Mali's new prime minister has formed an interim government with three army representatives seen as close to military leaders who overthrew a democratically elected government last month.
Prime Minister Cheick Modibo Diarra's cabinet, unveiled on Wednesday, will have 24 members in addition to the army representatives.
The officers include Colonel Yamoussa Camara, Colonel Moussa Sinko Coulibaly and General Tiefing Konate, who will hold the defence, interior and civil protection portfolios respectively.
The formation of the government came days after former president Amadou Toumani Toure, who was ousted and then resigned when the coup leaders were forced to restore civilian rule, arrived in neighbouring Senegal with his family.
Toure, who had only months left before completing his second and last term, had sought refuge at the Senegalese embassy in the capital Bamako shortly after being toppled.
The interim government's main task will be to resolve the crisis in the north of the country, where Tuareg and hardline Islamic rebels seized major towns in the chaos that followed the coup.
The 60-year-old Diarra said on April 20 in his first speech to the nation as prime minister that he was prepared to negotiate with the rebel groups but not under duress.
Diarra, a former chairman of Microsoft for Africa, named experts with little politcal experience, including three women, to his cabinet.
Upcoming elections
The new foreign minister, Sadio Lamine Sow, is a former close aide of Blaise Compaore, president of Burkina Faso, and has lived in the Burkina capital Ouagadougou for several years.
Campaore played a leading role in mediating the Mali crisis and in winning the release of Western hostages seized by Islamic groups in the region.

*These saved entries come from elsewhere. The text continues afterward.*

(* Let $E=\mathbb{Q}(i,\sqrt5)$, let $\tau=(1+\sqrt5)/2$, and let $\sigma$ be the automorphism of $E$ with $\sigma(i)=i$ and $\sigma(\sqrt5)=-\sqrt5$. For a real number $N\ge 1$ let $\mathbf{L}(N)$ be the set of numbers $x=(a+bi)+(c+di)\tau\in E$ with $a,b,c,d\in\mathbb{Z}$ and $|a|,|b|,|c|,|d|\le N$. For $x_1,x_2\in E$ put $$X(x_1,x_2)=\begin{pmatrix} x_1 & \sigma(x_1)\\ i\,x_2 & \sigma(x_2)\end{pmatrix},$$ and define the decay function $$D(N_1,N_2)=\min_{x_1\in\mathbf{L}(N_1)\setminus\{0\},\ x_2\in\mathbf{L}(N_2)\setminus\{0\}}\left|\det X(x_1,x_2)\right|.$$ Then there exists a constant $K>0$ such that for all sufficiently large $N_1,N_2$, $$D(N_1,N_2)\ge\frac{K}{N_1N_2}.$$ In particular, $D(N,N)\ge K/N^2$ for all sufficiently large $N$.
   Context: This is the two-user single-antenna Badr–Belfiore multiuser MIMO code: user 1 transmits the row $(x_1,\sigma(x_1))$ and user 2 the row $(i x_2,\sigma(x_2))$; the determinant $\det X(x_1,x_2)$ is nonzero whenever $x_1\neq 0$ and $x_2\neq0$, so $D$ takes positive values. *)

theory Defs
  imports Complex_Main
begin

definition gauss_rat :: "complex set" where
  "gauss_rat = {Complex (of_rat p) (of_rat q) | p q. True}"

definition E_field :: "complex set" where
  "E_field = {p + complex_of_real (sqrt 5) * q | p q. p \<in> gauss_rat \<and> q \<in> gauss_rat}"

definition sigma :: "complex \<Rightarrow> complex" where
  "sigma z = (THE w. \<exists>p q. p \<in> gauss_rat \<and> q \<in> gauss_rat \<and>
                 z = p + complex_of_real (sqrt 5) * q \<and> w = p - complex_of_real (sqrt 5) * q)"

definition tau :: real where
  "tau = (1 + sqrt 5) / 2"

definition Lset :: "real \<Rightarrow> complex set" where
  "Lset N = {(of_int a + \<i> * of_int b) + (of_int c + \<i> * of_int d) * complex_of_real tau
             | a b c d :: int. \<bar>real_of_int a\<bar> \<le> N \<and> \<bar>real_of_int b\<bar> \<le> N
                 \<and> \<bar>real_of_int c\<bar> \<le> N \<and> \<bar>real_of_int d\<bar> \<le> N}"

text \<open>Determinant of X(x1,x2) = [[x1, sigma x1], [i x2, sigma x2]].\<close>
definition detX :: "complex \<Rightarrow> complex \<Rightarrow> complex" where
  "detX x1 x2 = x1 * sigma x2 - \<i> * x2 * sigma x1"

definition decay :: "real \<Rightarrow> real \<Rightarrow> real" where
  "decay N1 N2 = Min {cmod (detX x1 x2) | x1 x2.
                       x1 \<in> Lset N1 - {0} \<and> x2 \<in> Lset N2 - {0}}"

end

theory Submission imports Defs "HOL-Computational_Algebra.Primes" begin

Tiena Coulibaly was appointed minister of the economy, finance and the budget. Mamadou Namory Traore assumed the position of minister of civil service and political reforms.
The new transition government will also help organise elections although a date has not been specified.
The coup led to the cancellation of the April 29 presidential election.
The establishment of the government came after a series of arrests last week of people considered close to the former president, including former prime minister Modibo Sidibe. Most have since been released.
Led by Captain Amadou Sanogo, junior army officers toppled Toure's government citing his failure to rein in the insurrection in the north.
The junta stepped aside amid pressure from regional countries that threatened to impose sanctions.